Ольга стояла у открытого окна, полная грудью вдыхала свежий воздух лесных просторов, словно набиралась сил для предстоящих испытаний...

2

О том, что Ольга приехала в Ленинград и двадцатого августа в семнадцать часов будет защищать диссертацию, Полозов узнал случайно. Клавочка была в Стрельне, на даче у Ольгиной тетки, и Юрий в последнее время не заходил к Наталье Ивановне и не звонил ей. Возвращаясь в этот день с работы и попав под сильный грозовой ливень, он укрылся под аркой. Рядом висел газетный щит со вчерашним номером "Вечернего Ленинграда". По привычке пробежав глазами спортивные новости и посочувствовав очередному поражению футболистов "Зенита", Юрий без всякого интереса перевел взгляд на длинный столбец с сообщениями о защитах докторских и кандидатских диссертаций и вдруг увидел фамилию Ольги. Сердце его забилось от волнения. Он взглянул на часы: было без четверти пять. С обидой на себя, что так поздно узнал об Ольгиной защите, он кинулся к стоянке такси. Он бежал под проливным дождем, не обращая внимания на громкие раскаты, сотрясавшие дома, боясь опоздать. К счастью, на стоянке оказалась свободная машина, и Юрий, весь вымокший, задыхаясь, вскочил в нее, крикнул шоферу:

- На Петроградскую! Жми, братец, иначе опоздаю!

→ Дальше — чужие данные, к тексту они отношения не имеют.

lemma stable_range_15_row_combination:
  fixes F :: "nat \<Rightarrow> 'i \<Rightarrow> 'a::idom"
  assumes bez: "bezout_domain TYPE('a)" and sr: "stable_range_15 TYPE('a)" and K: "finite K"
    and cop: "coprime_set ((\<lambda>(i, k). F i k) ` ({..<n} \<times> K))"
    and minor: "i1 < n" "i2 < n" "j1 \<in> K" "j2 \<in> K" "F i1 j1 * F i2 j2 \<noteq> F i1 j2 * F i2 j1"
  shows "\<exists>u. u 0 = 1 \<and> coprime_set ((\<lambda>k. \<Sum>i<n. u i * F i k) ` K)"
proof -
  obtain r s k l where rs: "r < n" "s < n" "s \<noteq> 0" "k \<in> K" "l \<in> K" "F r k * F s l \<noteq> F r l * F s k"
  proof (cases "i2 = 0")
    case True
    have "i1 \<noteq> 0"
    proof
      assume "i1 = 0"
      then show False using True minor(5) by (simp add: mult.commute)
    qed
    moreover have "F i2 j2 * F i1 j1 \<noteq> F i2 j1 * F i1 j2" using minor(5) by (simp add: mult.commute)
    ultimately show ?thesis using that[of i2 i1 j2 j1] minor by blast
  qed (use that minor in blast)
  define comb where "comb u = (\<lambda>k'. \<Sum>i<n. u i * F i k')" for u
  obtain z where z_dvd: "\<forall>k'\<in>K. z dvd F s k'"
    and z_gcd: "\<And>e l. \<forall>k'\<in>K. e dvd l * F s k' \<Longrightarrow> e dvd l * z"
    using bezout_gcd_mult[OF bez K] by blast
  have "z \<noteq> 0" using z_dvd rs by auto
  obtain u where "u 0 = 1" "coprime_set (insert z (comb u ` K))"
    using stable_range_15_first_row_combination[OF bez sr K \<open>z \<noteq> 0\<close> _ cop] rs(2)
    unfolding comb_def by auto
  then obtain u' where u': "u' 0 = 1" "coprime_set (insert z (comb u' ` K))"
    "comb u' k * F s l \<noteq> comb u' l * F s k"
    using exists_shift_nonzero_minor[where F = F and y = "F s" and u = u, OF rs(1,6) \<open>z \<noteq> 0\<close>]
    unfolding comb_def by blast
  have "coprime_set (insert 0 (comb u' ` K \<union> F s ` K))"
  proof (rule coprime_setI)
    fix e assume e: "\<And>x. x \<in> insert 0 (comb u' ` K \<union> F s ` K) \<Longrightarrow> e dvd x"
    then have "e dvd z" using z_gcd[of e 1] by simp
    with e show "e dvd 1" by (intro coprime_setD[OF u'(2)]) auto
  qed
  then obtain q where q: "coprime_set (insert 0 ((\<lambda>k'. comb u' k' + q * F s k') ` K))"
    using stable_range_15_vector[OF bez sr K] u'(3) rs(4,5) by blast
  define v where "v = u'(s := u' s + q)"
  have "comb v = (\<lambda>k'. comb u' k' + q * F s k')"
    unfolding comb_def v_def using rs(2) by (intro ext sum_mult_fun_upd_add) auto
  then have "coprime_set (comb v ` K)" using q by simp
  moreover have "v 0 = 1" using u'(1) rs(3) unfolding v_def by simp
  ultimately show ?thesis unfolding comb_def by blast
qed

section \<open>Rank and 2-by-2 minors\<close>

lemma det_zero_row:
  assumes A: "A \<in> carrier_mat n n" and i: "i < n" and zero: "\<And>j. j < n \<Longrightarrow> A $$ (i, j) = 0"
  shows "det A = 0"
proof -
  have "multrow i 0 A = A" by (rule eq_matI) (use A zero in auto)
  moreover have "det (multrow i 0 A) = 0 * det A" by (rule det_multrow[OF i A])
  ultimately show ?thesis by simp
qed

lemma det_zero_if_2x2_minors_zero:
  fixes B :: "'a::idom mat"
  assumes B: "B \<in> carrier_mat n n" and n: "2 \<le> n"
    and minors: "\<And>i1 i2 j1 j2. i1 < n \<Longrightarrow> i2 < n \<Longrightarrow> j1 < n \<Longrightarrow> j2 < n \<Longrightarrow>
       B $$ (i1, j1) * B $$ (i2, j2) = B $$ (i1, j2) * B $$ (i2, j1)"
  shows "det B = 0"
proof (cases "\<forall>j<n. B $$ (0, j) = 0")
  case True
  then show ?thesis using det_zero_row[OF B, of 0] n by auto
next
  case False
  then obtain q where q: "q < n" "B $$ (0, q) \<noteq> 0" by auto
  define D where "D = addrow (- B $$ (1, q)) 1 0 (multrow 1 (B $$ (0, q)) B)"
  have D: "D \<in> carrier_mat n n" unfolding D_def using B by auto
  have M: "multrow 1 (B $$ (0, q)) B \<in> carrier_mat n n" using B by simp
  have "det D = det (multrow 1 (B $$ (0, q)) B)"
    unfolding D_def by (rule det_addrow[OF _ _ M]) (use n in auto)
  also have "\<dots> = B $$ (0, q) * det B" by (rule det_multrow[OF _ B]) (use n in auto)
  finally have "det D = B $$ (0, q) * det B" .
  moreover have "det D = 0"
  proof (rule det_zero_row[OF D])
    fix j assume "j < n"
    then show "D $$ (1, j) = 0"
      using B n minors[of 0 1 q j] q unfolding D_def by (auto simp: algebra_simps)
  qed (use n in auto)
  ultimately show ?thesis using q by simp
qed

lemma finite_minor_orders:
  "finite {k. \<exists>I J. I \<subseteq> {..<dim_row A} \<and> J \<subseteq> {..<dim_col A} \<and>
     card I = k \<and> card J = k \<and> det (submatrix A I J) \<noteq> 0}"
  by (rule finite_subset[of _ "{..dim_row A}"]) (auto dest: card_mono[rotated])

lemma minor_rank_ge:
  assumes "I \<subseteq> {..<dim_row A}" "J \<subseteq> {..<dim_col A}" "card I = k" "card J = k"
    and "det (submatrix A I J) \<noteq> 0"
  shows "k \<le> minor_rank A"
  unfolding minor_rank_def by (rule Max_ge[OF finite_minor_orders]) (use assms in blast)

lemma minor_rank_attained:
  obtains I J where "I \<subseteq> {..<dim_row A}" "J \<subseteq> {..<dim_col A}"
    "card I = minor_rank A" "card J = minor_rank A" "det (submatrix A I J) \<noteq> 0"
proof -
  have "submatrix A {} {} \<in> carrier_mat 0 0" unfolding submatrix_def by auto
  then have "0 \<in> {k. \<exists>I J. I \<subseteq> {..<dim_row A} \<and> J \<subseteq> {..<dim_col A} \<and>
     card I = k \<and> card J = k \<and> det (submatrix A I J) \<noteq> 0}"
    by (intro CollectI exI[of _ "{}"]) simp
  then have "minor_rank A \<in> {k. \<exists>I J. I \<subseteq> {..<dim_row A} \<and> J \<subseteq> {..<dim_col A} \<and>
     card I = k \<and> card J = k \<and> det (submatrix A I J) \<noteq> 0}"
    unfolding minor_rank_def by (intro Max_in[OF finite_minor_orders]) blast
  then show ?thesis using that by blast
qed

lemma submatrix_full: "submatrix A {..<dim_row A} {..<dim_col A} = A"
proof (rule eq_matI)
  have pick: "pick {..<k} i = i" if "i < k" for i k
  proof -
    have "pick {..<k} (card {a\<in>{..<k}. a < i}) = i" using that by (intro pick_card_in_set) simp
    moreover have "{a\<in>{..<k}. a < i} = {..<i}" using that by auto
    ultimately show ?thesis by simp
  qed
  fix i j assume "i < dim_row A" "j < dim_col A"
  then show "submatrix A {..<dim_row A} {..<dim_col A} $$ (i, j) = A $$ (i, j)"
    by (simp add: submatrix_index pick)
qed (simp_all add: dim_submatrix)
lemma integrable_strip_char_integrand:
  assumes "0 \<le> Im z" and "Im z \<le> 1"
  shows "integrable M (\<lambda>x. exp (- \<i> * z * of_real (l * x)))"
proof (rule Bochner_Integration.integrable_bound)
  show "integrable M (\<lambda>x. 1 + exp (l * x))"
    using integrable_exp by auto
  show "AE x in M. norm (exp (- \<i> * z * of_real (l * x))) \<le> norm (1 + exp (l * x))"
    using exp_mult_le_one_add_exp[OF assms] by (intro AE_I2) (simp add: norm_exp_minus_ii_mult add_pos_pos)
qed measurable

lemma continuous_on_strip_char: "continuous_on {z. 0 \<le> Im z \<and> Im z \<le> 1} strip_char"
  unfolding strip_char_def[abs_def]
proof (rule continuous_on_integral_dominated)
  show "integrable M (\<lambda>x. 1 + exp (l * x))"
    using integrable_exp by auto
  show "norm (exp (- \<i> * z * of_real (l * x))) \<le> 1 + exp (l * x)"
    if "z \<in> {z. 0 \<le> Im z \<and> Im z \<le> 1}" for z x
    using that exp_mult_le_one_add_exp by (simp add: norm_exp_minus_ii_mult)
qed (auto intro!: continuous_intros)

lemma holomorphic_on_strip_char: "strip_char holomorphic_on {z. 0 < Im z \<and> Im z < 1}"
proof (subst holomorphic_on_open, (intro open_Collect_conj open_Collect_less continuous_intros; simp), intro ballI)
  fix z assume "z \<in> {z. 0 < Im z \<and> Im z < 1}"
  define r where "r = min (Im z) (1 - Im z) / 2"
  have "r > 0" using \<open>z \<in> _\<close> by (auto simp: r_def)
  have Im_ball: "r \<le> Im y \<and> Im y \<le> 1 - r" if "y \<in> ball z r" for y
  proof -
    have "\<bar>Im y - Im z\<bar> < r"
      using that abs_Im_le_cmod[of "y - z"] by (simp add: dist_norm norm_minus_commute)
    then have "Im z - r < Im y \<and> Im y < Im z + r"
      by (simp add: abs_diff_less_iff)
    then show ?thesis
      unfolding r_def min_def by (cases "Im z \<le> 1 - Im z") (auto simp: field_simps)
  qed
  have "(strip_char has_field_derivative
          (LINT x|M. - \<i> * of_real (l * x) * exp (- \<i> * z * of_real (l * x)))) (at z)"
    unfolding strip_char_def[abs_def]
  proof (rule has_field_derivative_integral[where r = r and w = "\<lambda>x. (1 + exp (l * x)) / r"])
    show "integrable M (\<lambda>x. (1 + exp (l * x)) / r)"
      using integrable_exp by auto
    show "integrable M (\<lambda>x. exp (- \<i> * y * of_real (l * x)))" if "y \<in> ball z r" for y
      using Im_ball[OF that] \<open>r > 0\<close> by (intro integrable_strip_char_integrand) auto
    show "norm (- \<i> * of_real (l * x) * exp (- \<i> * y * of_real (l * x))) \<le> (1 + exp (l * x)) / r"
      if "y \<in> ball z r" for y x
      using abs_mult_exp_mult_le[of r "Im y" "l * x"] Im_ball[OF that] \<open>r > 0\<close>
      by (simp add: norm_mult norm_exp_minus_ii_mult abs_mult)
  qed (use \<open>r > 0\<close> in \<open>auto intro!: derivative_eq_intros\<close>)
  then show "\<exists>f'. (strip_char has_field_derivative f') (at z)" by blast
qed

end

theorem lemma2p3:
  fixes M :: "real measure" and l :: real
  assumes "real_distribution M"
    and "l \<noteq> 0"
    and "(\<integral>\<^sup>+ x. ennreal (exp (l * x)) \<partial>M) < \<infinity>"
  shows "\<forall>a b. a < b \<longrightarrow> \<not> (\<forall>t\<in>{a..b}. char M t = 0)"
proof (intro allI impI notI)
  fix a b :: real
  assume "a < b" and char_vanishes: "\<forall>t\<in>{a..b}. char M t = 0"
  interpret real_distribution M by fact
  have "integrable M (\<lambda>x. exp (l * x))"
    using assms(3) by (subst integrable_iff_bounded) auto
  then interpret exponential_moment M l
    using assms(1) by (simp add: exponential_moment_def exponential_moment_axioms_def)
  obtain \<alpha> \<beta> where "\<alpha> < \<beta>" and into: "\<And>t. \<alpha> < t \<Longrightarrow> t < \<beta> \<Longrightarrow> - (t * l) \<in> {a..b}"
    using interval_scaled_into_interval[OF \<open>a < b\<close> \<open>l \<noteq> 0\<close>] by blast
  have "strip_char (of_real t) = 0" if "\<alpha> < t" and "t < \<beta>" for t
    using into[OF that] char_vanishes by (simp add: strip_char_of_real)
  then have "strip_char 0 = 0"
    using holomorphic_strip_vanishing[OF holomorphic_on_strip_char continuous_on_strip_char \<open>\<alpha> < \<beta>\<close>]
    by simp
  then show False
    using strip_char_of_real[of 0] char_zero by simp
qed

end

Всю дорогу он мучительно думал, как ему быть: пробраться ли в актовый зал и присутствовать на защите или ждать, пока она закончится, и встретить Ольгу при выходе? Целиком занятый этой мыслью, Юрий даже не заметил, что дождь перестал и сквозь поредевшие тучи выглянуло солнце. Когда машина остановилась, решение, так мучившее Юрия, пришло само собой: ждать! Он боялся, что, если Ольга вдруг увидит его в актовом зале, непременно заволнуется, не дай бог, собьется, испортит защиту. Этого Юрий допустить не мог. И он прошел через железные ворота в парк, сел на скамейку под прохладным от дождя раскидистым тополем, закурил и стал гадать, какие из пяти окон третьего этажа, выходящих сюда, принадлежат актовому залу. Юрий был в таком напряжении, что порой ему казалось, он не только угадывает заветные окна, но и слышит Ольгин голос, хотя тут же ловил себя на том, что уже плохо помнит ее голос и, возможно, ошибается...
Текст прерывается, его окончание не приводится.